lemma sum_merge_weights:
  assumes "finite S" "finite T" "m \<in> T" "S \<inter> T \<subseteq> {m}"
  shows "(\<Sum>j\<in>S. merge_weights w T m j) = (\<Sum>j\<in>expand_coalition T m S. w j)"
proof (cases "m \<in> S")
  case True
  have disj: "(S - {m}) \<inter> T = {}" using assms(4) by auto
  have "(\<Sum>j\<in>S. merge_weights w T m j)
        = merge_weights w T m m + (\<Sum>j\<in>S - {m}. merge_weights w T m j)"
    using True assms(1) by (simp add: sum.remove)
  also have "\<dots> = (\<Sum>j\<in>T. w j) + (\<Sum>j\<in>S - {m}. w j)"
    by (simp add: merge_weights_def)
  also have "\<dots> = (\<Sum>j\<in>(S - {m}) \<union> T. w j)"
    using disj assms(1,2) by (simp add: sum.union_disjoint)
  finally show ?thesis using True by (simp add: expand_coalition_def)
next
  case False
  then show ?thesis
    by (auto simp: expand_coalition_def merge_weights_def intro!: sum.cong)
qed

lemma winning_merge:
  assumes "finite S" "finite T" "m \<in> T" "S \<inter> T \<subseteq> {m}"
  shows "winning (merge_weights w T m) q S \<longleftrightarrow> winning w q (expand_coalition T m S)"
  using sum_merge_weights[OF assms] by (simp add: winning_def)

text \<open>Merging a block T never increases the swing count of a player outside T:
  expanding coalitions is injective and preserves criticality of j.\<close>
lemma eta_merge_le:
  assumes N: "finite N" "T \<subseteq> N" "m \<in> T" and j: "j \<in> N - T"
  shows "eta (merge_players N T m) (merge_weights w T m) q j \<le> eta N w q j"
  unfolding eta_def
proof (rule card_inj_on_le)
  let ?N' = "merge_players N T m" and ?w' = "merge_weights w T m"
  let ?f = "expand_coalition T m"
  have T: "finite T" using N finite_subset by blast
  have sub: "S \<subseteq> N - T \<union> {m}" if "S \<subseteq> ?N'" for S
    using that by (simp add: merge_players_def)
  show "inj_on ?f {S. S \<subseteq> ?N' \<and> critical ?w' q S j}"
  proof (rule inj_on_inverseI)
    fix S assume "S \<in> {S. S \<subseteq> ?N' \<and> critical ?w' q S j}"
    then have "S \<subseteq> N - T \<union> {m}" using sub by blast
    then show "(\<lambda>R. if T \<subseteq> R then insert m (R - T) else R) (?f S) = S"
      using N(3) by (auto simp: expand_coalition_def)
  qed
  show "?f ` {S. S \<subseteq> ?N' \<and> critical ?w' q S j} \<subseteq> {S. S \<subseteq> N \<and> critical w q S j}"
  proof clarify
    fix S assume S: "S \<subseteq> ?N'" and crit: "critical ?w' q S j"
    have S': "S \<subseteq> N - T \<union> {m}" "finite S"
      using sub[OF S] N(1) by (auto intro: finite_subset)
    have disj: "S \<inter> T \<subseteq> {m}" "(S - {j}) \<inter> T \<subseteq> {m}" using S'(1) by auto
    have "?f (S - {j}) = ?f S - {j}" "j \<in> ?f S \<longleftrightarrow> j \<in> S"
      using j N(3) by (auto simp: expand_coalition_def)
    moreover have "winning ?w' q S \<longleftrightarrow> winning w q (?f S)"
      "winning ?w' q (S - {j}) \<longleftrightarrow> winning w q (?f (S - {j}))"
      using disj S'(2) T N(3) by (simp_all add: winning_merge)
    ultimately have "critical w q (?f S) j"
      using crit by (simp add: critical_def)
    moreover have "?f S \<subseteq> N" using S' N(2,3) by (auto simp: expand_coalition_def)
    ultimately show "?f S \<subseteq> N \<and> critical w q (?f S) j" by blast
  qed
  show "finite {S. S \<subseteq> N \<and> critical w q S j}" using N(1) by simp
qed

lemma eta_merged_player:
  assumes N: "finite N" "T \<subseteq> N" "m \<in> T"
  shows "eta (merge_players N T m) (merge_weights w T m) q m
         = card {R. R \<subseteq> N - T \<and> winning w q (R \<union> T) \<and> \<not> winning w q R}"
proof -
  let ?N' = "merge_players N T m" and ?w' = "merge_weights w T m"
  let ?B = "{R. R \<subseteq> N - T \<and> winning w q (R \<union> T) \<and> \<not> winning w q R}"
  have T: "finite T" using N finite_subset by blast
  have "{S. S \<subseteq> ?N' \<and> critical ?w' q S m} = insert m ` ?B"
  proof (intro equalityI subsetI)
    fix S assume "S \<in> {S. S \<subseteq> ?N' \<and> critical ?w' q S m}"
    then have S: "S \<subseteq> N - T \<union> {m}" "m \<in> S" and crit: "critical ?w' q S m"
      by (auto simp: merge_players_def critical_def)
    have fin: "finite S" using S(1) N(1) finite_subset by blast
    have "winning w q ((S - {m}) \<union> T)" "\<not> winning w q (S - {m})"
      using crit S fin T N(3) winning_merge[of S T m w q] winning_merge[of "S - {m}" T m w q]
      by (auto simp: critical_def expand_coalition_def)
    moreover have "S = insert m (S - {m})" "S - {m} \<subseteq> N - T" using S by auto
    ultimately show "S \<in> insert m ` ?B" by blast
  next
    fix S assume "S \<in> insert m ` ?B"
    then obtain R where R: "R \<subseteq> N - T" "winning w q (R \<union> T)" "\<not> winning w q R"
      and S: "S = insert m R" by blast
    have fin: "finite R" using R(1) N(1) finite_subset by blast
    have "m \<notin> R" using R(1) N(3) by auto
    then have "winning ?w' q S" "\<not> winning ?w' q (S - {m})"
      using R fin T N(3) S winning_merge[of S T m w q] winning_merge[of R T m w q]
      by (auto simp: expand_coalition_def insert_absorb Un_commute)
    moreover have "S \<subseteq> ?N'" using R(1) S by (auto simp: merge_players_def)
    ultimately show "S \<in> {S. S \<subseteq> ?N' \<and> critical ?w' q S m}"
      using S by (simp add: critical_def)
  qed
  moreover have "inj_on (insert m) ?B" using N(3) by (auto intro!: inj_onI)
  ultimately show ?thesis unfolding eta_def by (simp add: card_image)
qed

section \<open>The game built from a partition instance\<close>

context
  fixes a :: "nat \<Rightarrow> nat" and k :: nat
begin

definition partition_weight :: "nat \<Rightarrow> real" where
  "partition_weight j =
     (if j \<in> {1..k} then 8 * real (a j) else if j = k + 1 \<or> j = k + 2 then 1 else 0)"

definition partition_quota :: real where
  "partition_quota = 4 * real (\<Sum>j=1..k. a j) + 2"

definition balanced_sets :: "nat set set" where
  "balanced_sets = {P. P \<subseteq> {1..k} \<and> 2 * (\<Sum>j\<in>P. a j) = (\<Sum>j=1..k. a j)}"

lemma balanced_sets_nonempty_iff:
  "balanced_sets \<noteq> {} \<longleftrightarrow> (\<exists>P \<subseteq> {1..k}. (\<Sum>j\<in>P. a j) = (\<Sum>j\<in>{1..k} - P. a j))"
proof -
  have "(\<Sum>j\<in>P. a j) = (\<Sum>j\<in>{1..k} - P. a j) \<longleftrightarrow> 2 * (\<Sum>j\<in>P. a j) = (\<Sum>j=1..k. a j)"
    if "P \<subseteq> {1..k}" for P
    using sum.subset_diff[OF that, of a] by simp
  then show ?thesis unfolding balanced_sets_def by blast
qed

lemma finite_balanced_sets: "finite balanced_sets"
  by (rule finite_subset[of _ "Pow {1..k}"]) (auto simp: balanced_sets_def)

lemma partition_winning_iff:
  assumes "S \<subseteq> {1..k+2}"
  shows "winning partition_weight partition_quota S \<longleftrightarrow>
         4 * (\<Sum>j=1..k. a j) + 2 \<le> 8 * (\<Sum>j\<in>S \<inter> {1..k}. a j) + card (S \<inter> {k+1, k+2})"
proof -
  have split: "S = (S \<inter> {1..k}) \<union> (S \<inter> {k+1, k+2})" using assms by auto
  have "(\<Sum>j\<in>S. partition_weight j)
        = (\<Sum>j\<in>S \<inter> {1..k}. partition_weight j) + (\<Sum>j\<in>S \<inter> {k+1, k+2}. partition_weight j)"
    by (subst split, rule sum.union_disjoint) auto
  also have "\<dots> = (\<Sum>j\<in>S \<inter> {1..k}. 8 * real (a j)) + (\<Sum>j\<in>S \<inter> {k+1, k+2}. 1)"
    by (intro arg_cong2[where f = "(+)"] sum.cong) (auto simp: partition_weight_def)
  also have "\<dots> = real (8 * (\<Sum>j\<in>S \<inter> {1..k}. a j) + card (S \<inter> {k+1, k+2}))"
    by (simp add: sum_distrib_left)
  finally show ?thesis
    unfolding winning_def partition_quota_def
    by (metis (mono_tags, lifting) of_nat_add of_nat_le_iff of_nat_mult of_nat_numeral)
qed

text \<open>By divisibility of 8 s, a small player is critical exactly in the coalitions
  consisting of both small players and a balanced set.\<close>
lemma critical_small_iff:
  assumes S: "S \<subseteq> {1..k+2}" and i: "i \<in> {k+1, k+2}"
  shows "critical partition_weight partition_quota S i \<longleftrightarrow>
         {k+1, k+2} \<subseteq> S \<and> S \<inter> {1..k} \<in> balanced_sets"
proof -
  define A where "A = (\<Sum>j=1..k. a j)"
  define s where "s = (\<Sum>j\<in>S \<inter> {1..k}. a j)"
  define c where "c = card (S \<inter> {k+1, k+2})"
  have c_le: "c \<le> 2"
    using card_mono[of "{k+1, k+2}" "S \<inter> {k+1, k+2}"] by (simp add: c_def card_insert_if)
  have both_iff: "{k+1, k+2} \<subseteq> S \<longleftrightarrow> c = 2"
    using card_subset_eq[of "{k+1, k+2}" "S \<inter> {k+1, k+2}"] by (auto simp: c_def)
  have win: "winning partition_weight partition_quota S \<longleftrightarrow> 4 * A + 2 \<le> 8 * s + c"
    using partition_winning_iff[OF S] by (simp add: A_def s_def c_def)
  have win_minus: "winning partition_weight partition_quota (S - {i}) \<longleftrightarrow> 4 * A + 2 \<le> 8 * s + (c - 1)"
    and c_pos: "1 \<le> c" if "i \<in> S"
  proof -
    have "(S - {i}) \<inter> {1..k} = S \<inter> {1..k}" "(S - {i}) \<inter> {k+1, k+2} = (S \<inter> {k+1, k+2}) - {i}"
      using i by auto
    moreover have "i \<in> S \<inter> {k+1, k+2}" using i that by blast
    moreover have "S - {i} \<subseteq> {1..k+2}" using S by blast
    ultimately show "winning partition_weight partition_quota (S - {i}) \<longleftrightarrow> 4 * A + 2 \<le> 8 * s + (c - 1)"
      using partition_winning_iff[of "S - {i}"] by (simp add: A_def s_def c_def card_Diff_singleton)
    show "1 \<le> c" using \<open>i \<in> S \<inter> {k+1, k+2}\<close> by (auto simp: c_def Suc_le_eq card_gt_0_iff)
  qed
  text \<open>The weight 8 s + c must equal the quota 4 A + 2, forcing c = 2 and 2 s = A.\<close>
  have parity: "(4 * A + 2 \<le> 8 * s + c \<and> \<not> 4 * A + 2 \<le> 8 * s + (c - 1)) \<longleftrightarrow> c = 2 \<and> 2 * s = A"
    if "1 \<le> c" "c \<le> 2" for A s c :: nat
    using that by presburger
  have "critical partition_weight partition_quota S i \<longleftrightarrow> i \<in> S \<and> c = 2 \<and> 2 * s = A"
    using win win_minus c_pos parity c_le by (auto simp: critical_def)
  also have "\<dots> \<longleftrightarrow> {k+1, k+2} \<subseteq> S \<and> S \<inter> {1..k} \<in> balanced_sets"
    using both_iff i by (auto simp: balanced_sets_def A_def s_def)
  finally show ?thesis .
qed

lemma eta_small_player:
  assumes "i \<in> {k+1, k+2}"
  shows "eta {1..k+2} partition_weight partition_quota i = card balanced_sets"
proof -
  have "{S. S \<subseteq> {1..k+2} \<and> critical partition_weight partition_quota S i}
        = (\<lambda>P. P \<union> {k+1, k+2}) ` balanced_sets"
  proof (intro equalityI subsetI)
    fix S assume "S \<in> {S. S \<subseteq> {1..k+2} \<and> critical partition_weight partition_quota S i}"
    then have "S \<subseteq> {1..k+2}" "{k+1, k+2} \<subseteq> S" "S \<inter> {1..k} \<in> balanced_sets"
      using critical_small_iff[OF _ assms] by auto
    moreover from this have "S = (S \<inter> {1..k}) \<union> {k+1, k+2}" by auto
    ultimately show "S \<in> (\<lambda>P. P \<union> {k+1, k+2}) ` balanced_sets" by blast
  next
    fix S assume "S \<in> (\<lambda>P. P \<union> {k+1, k+2}) ` balanced_sets"
    then obtain P where "P \<in> balanced_sets" "S = P \<union> {k+1, k+2}" by blast
    moreover from this have "S \<inter> {1..k} = P" "S \<subseteq> {1..k+2}"
      by (auto simp: balanced_sets_def)
    ultimately show "S \<in> {S. S \<subseteq> {1..k+2} \<and> critical partition_weight partition_quota S i}"
      using critical_small_iff[OF _ assms] by auto
  qed
  moreover have "inj_on (\<lambda>P. P \<union> {k+1, k+2}) balanced_sets"
    by (rule inj_on_inverseI[where g = "\<lambda>S. S \<inter> {1..k}"]) (auto simp: balanced_sets_def)
  ultimately show ?thesis unfolding eta_def by (simp add: card_image)
qed

abbreviation merged_players :: "nat set" where
  "merged_players \<equiv> merge_players {1..k+2} {k+1, k+2} (k+2)"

→ **Exercise objective**:
The response must give every line from the material above that holds the string "ultimately".

→ **Response**:
    ultimately have "critical w q (?f S) j"
    ultimately show "?f S \<subseteq> N \<and> critical w q (?f S) j" by blast
    ultimately show "S \<in> insert m ` ?B" by blast
    ultimately show "S \<in> {S. S \<subseteq> ?N' \<and> critical ?w' q S m}"
  ultimately show ?thesis unfolding eta_def by (simp add: card_image)
    ultimately show "winning partition_weight partition_quota (S - {i}) \<longleftrightarrow> 4 * A + 2 \<le> 8 * s + (c - 1)"
    ultimately show "S \<in> (\<lambda>P. P \<union> {k+1, k+2}) ` balanced_sets" by blast
    ultimately show "S \<in> {S. S \<subseteq> {1..k+2} \<and> critical partition_weight partition_quota S i}"
  ultimately show ?thesis unfolding eta_def by (simp add: card_image)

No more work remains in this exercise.